I don't unserstand how they MUST have the same vertex though...

36. asnaseer

interesting observation @slaaibak - maybe we can use that to get the 3rd equation?

37. asnaseer

yes @Calcmathlete that ties up with @slaaibak's observation

38. slaaibak

if we use f(x) = a(x-b)^2 + k, we can solve. because we have b:2 and k can be found by f(2) = k so it's pretty easy from here

39. maheshmeghwal9

ya so they all have same vertex. as @Calcmathlete 's.............. said:D

40. Calcmathlete

Thin is, I don't understand how they MUST all have the same vertex. Is it because of how the parabolas work when graphed?

41. asnaseer

the LHS and RHS have the same vertex which fixes the vertex of the middle one

42. maheshmeghwal9

no becoz they all have same minimum value at x=2

43. maheshmeghwal9

thus they all have same vertex

44. slaaibak

both have the same turning point. therefore, f(x) can't be decreasing if the other two functions are increasing, because f(2) are the same for all the equations. therefore all of them have a minimum at 2

45. maheshmeghwal9

|dw:1343584535907:dw|

46. maheshmeghwal9

3 parabolas

47. maheshmeghwal9

48. asnaseer

very similar to the fact that x=2 gives the same value for LHS and RHS which fixes the value of f(2)

49. Calcmathlete

Alright. That's really why i didn't understand. I guess since the opposite ends of the compound inequality have the same vertex, it is justified. From there it is easy I guess. \[f(12) = a(x - 2)^2 + 2 \implies a = 1.8\]Then we can just plug in 17? \[f(17) = 1.8(225) + 2 = 405 Is that right?

50. slaaibak

f(2) = 2 f(x) = a(x-2)^2 + k b=2 due to minimum so f(2) = a(2-2)^2 + k = 2 therefore k = 2 now f(12) = 182 so 182 = a(12-2)^2 + 2 182 = 100a + 2 100a = 180 a = 1.8

51. asnaseer

yes @Calcmathlete

52. slaaibak

yeah that's correct

53. Calcmathlete

Alright. Thank you!

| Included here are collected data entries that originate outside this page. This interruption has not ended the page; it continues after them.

lemma level_lub_exists:
  assumes "a \<in> K" and "\<forall>u\<in>X. agree_below a x u"
  shows "\<exists>y. level_lub a x X y"
proof -
  have "X \<subseteq> downcls K R a x" using assms(2) downcls_iff by blast
  then have "\<exists>y\<in>downcls K R a x. (\<forall>u\<in>X. R a u y) \<and>
      (\<forall>z\<in>downcls K R a x. (\<forall>u\<in>X. R a u z) \<longrightarrow> R a y z \<and> y \<le> z)"
    using A3 assms(1) by blast
  then show ?thesis unfolding level_lub_def Bex_def Ball_def downcls_iff by blast
qed

text \<open>If m is lattice-least in its class (m]_a, then it is also least for the preorder at a:
  compare m with the A3-lub of the empty set.\<close>

lemma lattice_least_is_level_least:
  assumes a: "a \<in> K" and least: "\<And>w. agree_below a m w \<Longrightarrow> m \<le> w"
    and w: "agree_below a m w"
  shows "R a m w"
proof -
  obtain m' where m': "level_lub a m {} m'" using level_lub_exists[OF a] by blast
  have "m \<le> m'" using m' least unfolding level_lub_def by blast
  moreover have "m' \<le> m" using m' agree_refl unfolding level_lub_def by blast
  ultimately have "m' = m" by simp
  then show ?thesis using m' w unfolding level_lub_def by blast
qed

text \<open>The first level at which two distinct elements differ (it exists by A2).\<close>

definition first_diff :: "'a \<Rightarrow> 'a \<Rightarrow> 'k" where
  "first_diff x y = (LEAST a. a \<in> K \<and> \<not> eq_at a x y)"

lemma first_diff:
  assumes "x \<noteq> y"
  shows "first_diff x y \<in> K" "\<not> eq_at (first_diff x y) x y" "agree_below (first_diff x y) x y"
proof -
  have "\<exists>a. a \<in> K \<and> \<not> eq_at a x y" using levels_separate assms by blast
  then show "first_diff x y \<in> K" "\<not> eq_at (first_diff x y) x y"
    unfolding first_diff_def by (metis (mono_tags, lifting) LeastI)+
  show "agree_below (first_diff x y) x y"
    unfolding agree_below_def first_diff_def using not_less_Least by blast
qed

lemma first_diff_le: "a \<in> K \<Longrightarrow> \<not> eq_at a x y \<Longrightarrow> first_diff x y \<le> a"
  unfolding first_diff_def by (simp add: Least_le)

lemma sqlt_intro: "a \<in> K \<Longrightarrow> R a x y \<Longrightarrow> \<not> eq_at a x y \<Longrightarrow> sqlt K R x y"
  unfolding sqlt_def lta_def by blast

lemma sqlt_at_first_diff: "x \<noteq> y \<Longrightarrow> R (first_diff x y) x y \<Longrightarrow> sqlt K R x y"
  using first_diff sqlt_intro by blast

text \<open>If x \<sqsubseteq> z and both agree below a, then x is below z at level a: a strict step
  at a level above a would make them equal at a (A1), one below a is excluded.\<close>

lemma sqle_at_level:
  assumes s: "sqle K R x z" and a: "a \<in> K" and agree: "agree_below a x z"
  shows "R a x z"
proof (cases "x = z")
  case True
  then show ?thesis using a R_refl by simp
next
  case False
  then obtain b where b: "b \<in> K" "R b x z" "\<not> eq_at b x z"
    using s unfolding sqle_def sqlt_def lta_def by blast
  have "\<not> b < a" using agree b unfolding agree_below_def by blast
  then have "b = a \<or> a < b" by fastforce
  then show ?thesis using b coarser_level_eq[OF a b(1)] eq_RD by blast
qed

lemma lta_eq_trans: "a \<in> K \<Longrightarrow> lta R a x y \<Longrightarrow> eq_at a y z \<Longrightarrow> lta R a x z"
  unfolding lta_def eqa_def using R_trans by blast

lemma eq_lta_trans: "a \<in> K \<Longrightarrow> eq_at a x y \<Longrightarrow> lta R a y z \<Longrightarrow> lta R a x z"
  unfolding lta_def eqa_def using R_trans by blast

lemma lta_lta_trans: "a \<in> K \<Longrightarrow> lta R a x y \<Longrightarrow> lta R a y z \<Longrightarrow> lta R a x z"
  unfolding lta_def eqa_def using R_trans by blast

lemma sqlt_trans:
  assumes "sqlt K R x y" and "sqlt K R y z"
  shows "sqlt K R x z"
proof -
  obtain a b where a: "a \<in> K" "lta R a x y" and b: "b \<in> K" "lta R b y z"
    using assms unfolding sqlt_def by blast
  consider "a < b" | "b < a" | "a = b" by fastforce
  then show ?thesis
  proof cases
    case 1
    then have "eq_at a y z" using coarser_level_eq a(1) b unfolding lta_def by blast
    then show ?thesis using lta_eq_trans a unfolding sqlt_def by blast
  next
    case 2
    then have "eq_at b x y" using coarser_level_eq b(1) a unfolding lta_def by blast
    then show ?thesis using eq_lta_trans b unfolding sqlt_def by blast
  next
    case 3
    then have "lta R a x z" using lta_lta_trans[OF a] b(2) by simp
    then show ?thesis using a(1) unfolding sqlt_def by blast
  qed
qed

lemma sqlt_irrefl: "\<not> sqlt K R x x"
  unfolding sqlt_def lta_def eqa_def by blast

lemma sqle_trans: "sqle K R x y \<Longrightarrow> sqle K R y z \<Longrightarrow> sqle K R x z"
  unfolding sqle_def using sqlt_trans by blast

lemma sqle_antisym: "sqle K R x y \<Longrightarrow> sqle K R y x \<Longrightarrow> x = y"
  unfolding sqle_def using sqlt_trans sqlt_irrefl by blast

text \<open>bot is \<sqsubseteq>-least: being lattice-least, it is R-least in its class at the first level
  where it differs from x.\<close>

lemma bot_sqle: "sqle K R bot x"
proof (cases "x = bot")
  case False
  then have ne: "bot \<noteq> x" by simp
  have "R (first_diff bot x) bot x"
    using lattice_least_is_level_least first_diff(1,3)[OF ne] by simp
  then show ?thesis using sqlt_at_first_diff[OF ne] unfolding sqle_def by blast
qed (simp add: sqle_def)

definition surv_below :: "'a set \<Rightarrow> 'k \<Rightarrow> 'a set" where
  "surv_below X a = {x\<in>X. \<forall>x'\<in>X. \<forall>b\<in>K. b < a \<longrightarrow> agree_below b x' x \<longrightarrow> R b x' x}"

definition surv_upto :: "'a set \<Rightarrow> 'k \<Rightarrow> 'a set" where
  "surv_upto X a = {x\<in>X. \<forall>x'\<in>X. \<forall>b\<in>K. b \<le> a \<longrightarrow> agree_below b x' x \<longrightarrow> R b x' x}"

lemma surv_upto_below: "surv_upto X a \<subseteq> surv_below X a"
  unfolding surv_below_def surv_upto_def by auto

lemma surv_upto_antimono: "b \<le> a \<Longrightarrow> surv_upto X a \<subseteq> surv_upto X b"
  unfolding surv_upto_def by (auto intro: order.trans)

lemma surv_below_subset: "x \<in> surv_below X a \<Longrightarrow> x \<in> X"
  unfolding surv_below_def by auto

lemma surv_below_iff: "x \<in> surv_below X a \<longleftrightarrow> x \<in> X \<and> (\<forall>b\<in>K. b < a \<longrightarrow> x \<in> surv_upto X b)"
  unfolding surv_below_def surv_upto_def using le_less_trans by blast

text \<open>All survivors below a agree below a: at the first level where two of them differ
  each would have to be below the other.\<close>

lemma surv_below_agree:
  assumes x: "x \<in> surv_below X a" and y: "y \<in> surv_below X a"
  shows "agree_below a x y"
proof (rule ccontr)
  assume "\<not> agree_below a x y"
  then obtain b where b: "b \<in> K" "b < a" "\<not> eq_at b x y" unfolding agree_below_def by auto
  then have ne: "x \<noteq> y" using eq_refl by auto
  define d where "d = first_diff x y"
  have d: "d \<in> K" "\<not> eq_at d x y" "agree_below d x y" using first_diff[OF ne] d_def by auto
  have "d < a" using first_diff_le[OF b(1,3)] b(2) d_def by simp
  then have "R d y x" "R d x y"
    using x y surv_below_subset[OF x] surv_below_subset[OF y] d(1,3) agree_sym
    unfolding surv_below_def by blast+
  then show False using d(2) unfolding eqa_def by blast
qed

lemma surv_below_closed:
  assumes x: "x \<in> surv_below X a" and x': "x' \<in> X" and agree: "agree_below a x' x"
  shows "x' \<in> surv_below X a"
proof -
  have "R c x'' x'" if "x'' \<in> X" "c \<in> K" "c < a" "agree_below c x'' x'" for x'' c
  proof -
    have "agree_below c x'' x" using agree_mono[OF agree] that agree_trans by fastforce
    then have "R c x'' x" using x that(1-3) unfolding surv_below_def by blast
    moreover have "eq_at c x x'" using agree_eq[OF agree_sym[OF agree] that(2,3)] .
    ultimately show ?thesis using R_trans[OF that(2)] eq_RD by blast
  qed
  then show ?thesis using x' unfolding surv_below_def by blast
qed

lemma surv_upto_if_maximal:
  assumes a: "a \<in> K" and x: "x \<in> surv_below X a" and max: "\<forall>x'\<in>surv_below X a. R a x' x"
  shows "x \<in> surv_upto X a"
proof -
  have "R b x' x" if "x' \<in> X" "b \<in> K" "b \<le> a" "agree_below b x' x" for x' b
  proof (cases "b < a")
    case True
    then show ?thesis using x that unfolding surv_below_def by blast
  next
    case False
    then have "b = a" using that(3) by simp
    then show ?thesis using surv_below_closed[OF x that(1)] that(4) max by blast
  qed
  then show ?thesis using surv_below_subset[OF x] unfolding surv_upto_def by blast
qed

lemma surv_upto_maximal:
  assumes a: "a \<in> K" and x: "x \<in> surv_upto X a" and x': "x' \<in> surv_below X a"
  shows "R a x' x"
proof -
  have agree: "agree_below a x' x" using surv_below_agree[OF x'] surv_upto_below x by blast
  have "\<forall>u\<in>X. \<forall>b\<in>K. b \<le> a \<longrightarrow> agree_below b u x \<longrightarrow> R b u x"
    using x by (simp add: surv_upto_def)
  then have "\<forall>b\<in>K. b \<le> a \<longrightarrow> agree_below b x' x \<longrightarrow> R b x' x"
    using surv_below_subset[OF x'] by (rule bspec)
  then show ?thesis using a agree by simp
qed

lemma stage_lub_exists:
  assumes "b \<in> K" and "t \<in> surv_upto X b"
  shows "\<exists>y. level_lub b t (surv_below X b) y"
  using level_lub_exists[OF assms(1)] surv_below_agree[OF subsetD[OF surv_upto_below assms(2)]]
  by blast

lemma stage_lub_eq:
  assumes b: "b \<in> K" and t: "t \<in> surv_upto X b" and y: "level_lub b t (surv_below X b) y"
    and t': "t' \<in> surv_upto X b"
  shows "eq_at b y t'"
proof -
  have "R b t' y" using y t' surv_upto_below unfolding level_lub_def by blast
  moreover have "agree_below b t t'" using surv_below_agree surv_upto_below t t' by blast
  then have "R b y t'" using y surv_upto_maximal[OF b t'] unfolding level_lub_def by blast
  ultimately show ?thesis unfolding eqa_def by blast
qed

lemma stage_lub_mono:
  assumes bK: "b \<in> K" and bc: "b < c"
    and t: "t \<in> surv_upto X b" and y: "level_lub b t (surv_below X b) y"
    and t': "t' \<in> surv_upto X c" and y': "level_lub c t' (surv_below X c) y'"
  shows "y \<le> y'"
proof -
  have t'b: "t' \<in> surv_upto X b" using surv_upto_antimono[OF less_imp_le[OF bc]] t' by blast
  have t'y': "agree_below c t' y'" using y' unfolding level_lub_def by blast
  have "agree_below b t t'" using surv_below_agree surv_upto_below t t'b by blast
  moreover have "agree_below b t' y'" using agree_mono[OF t'y'] bc by simp
  ultimately have "agree_below b t y'" by (rule agree_trans)
  moreover have "\<forall>u\<in>surv_below X b. R b u y'"
    using surv_upto_maximal[OF bK t'b] agree_eq[OF t'y' bK bc] R_trans[OF bK] eq_RD by blast
  ultimately show ?thesis using y unfolding level_lub_def by blast
qed

text \<open>Key construction (A3 and A4): for a set J of levels with nonempty stages there is an
  element equivalent at every b in J to all survivors up to b, namely the Sup of the stage
  lubs; at level b only the tail of stages from b on matters, and there A4 applies.\<close>

lemma branch_through_stages:
  assumes J: "J \<subseteq> K" and ne: "\<forall>b\<in>J. surv_upto X b \<noteq> {}"
  shows "\<exists>v. \<forall>b\<in>J. \<forall>t\<in>surv_upto X b. eq_at b v t"
proof -
  have "\<forall>b\<in>J. \<exists>t y. t \<in> surv_upto X b \<and> level_lub b t (surv_below X b) y"
    using ne J stage_lub_exists by blast
  then obtain tt s where ts: "\<And>b. b \<in> J \<Longrightarrow>
      tt b \<in> surv_upto X b \<and> level_lub b (tt b) (surv_below X b) (s b)"
    by metis
  have mono: "s b \<le> s c" if "b \<in> J" "c \<in> J" "b < c" for b c
    using stage_lub_mono that ts J by blast
  have tail: "eq_at b0 (s b0) (s b)" if b0: "b0 \<in> J" and b: "b \<in> J" "b0 \<le> b" for b0 b
  proof (cases "b0 = b")
    case False
    then have lt: "b0 < b" using b(2) by simp
    have "tt b \<in> surv_upto X b0" using surv_upto_antimono[OF b(2)] ts[OF b(1)] by blast
    then have "eq_at b0 (s b0) (tt b)" using stage_lub_eq ts[OF b0] J b0 by blast
    moreover have "eq_at b0 (tt b) (s b)"
      using agree_eq ts[OF b(1)] J b0 lt unfolding level_lub_def by blast
    ultimately show ?thesis using eq_trans J b0 by blast
  qed (use eq_refl J b0 in blast)
  have "eq_at b0 (Sup (s ` J)) t" if b0: "b0 \<in> J" and t: "t \<in> surv_upto X b0" for b0 t
  proof -
    have b0K: "b0 \<in> K" using J b0 by blast
    have tail_ne: "s ` {b\<in>J. b0 \<le> b} \<noteq> {}" using b0 by blast
    have tail_eq: "\<forall>x\<in>s ` {b\<in>J. b0 \<le> b}. eq_at b0 (s b0) x" using tail[OF b0] by auto
    have "eq_at b0 (s b0) (Sup (s ` J))"
      using eq_at_Sup[OF b0K tail_ne tail_eq] Sup_image_tail[OF b0 mono] by simp
    then have "eq_at b0 (Sup (s ` J)) (s b0)" by (rule eq_sym)
    moreover have "eq_at b0 (s b0) t" using stage_lub_eq[OF b0K] ts[OF b0] t by blast
    ultimately show ?thesis by (rule eq_trans[OF b0K])
  qed
  then show ?thesis by blast
qed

I wish I could give multiple medals...

54. asnaseer

yw :) and yes, I wish we had Olympic-style medals - Gold/Silver/Bronze :)

55. asnaseer

but then we would have to drug test everyone to make sure they were not cheating! :D

56. Calcmathlete

lol...

57. maheshmeghwal9

Graphs must be there.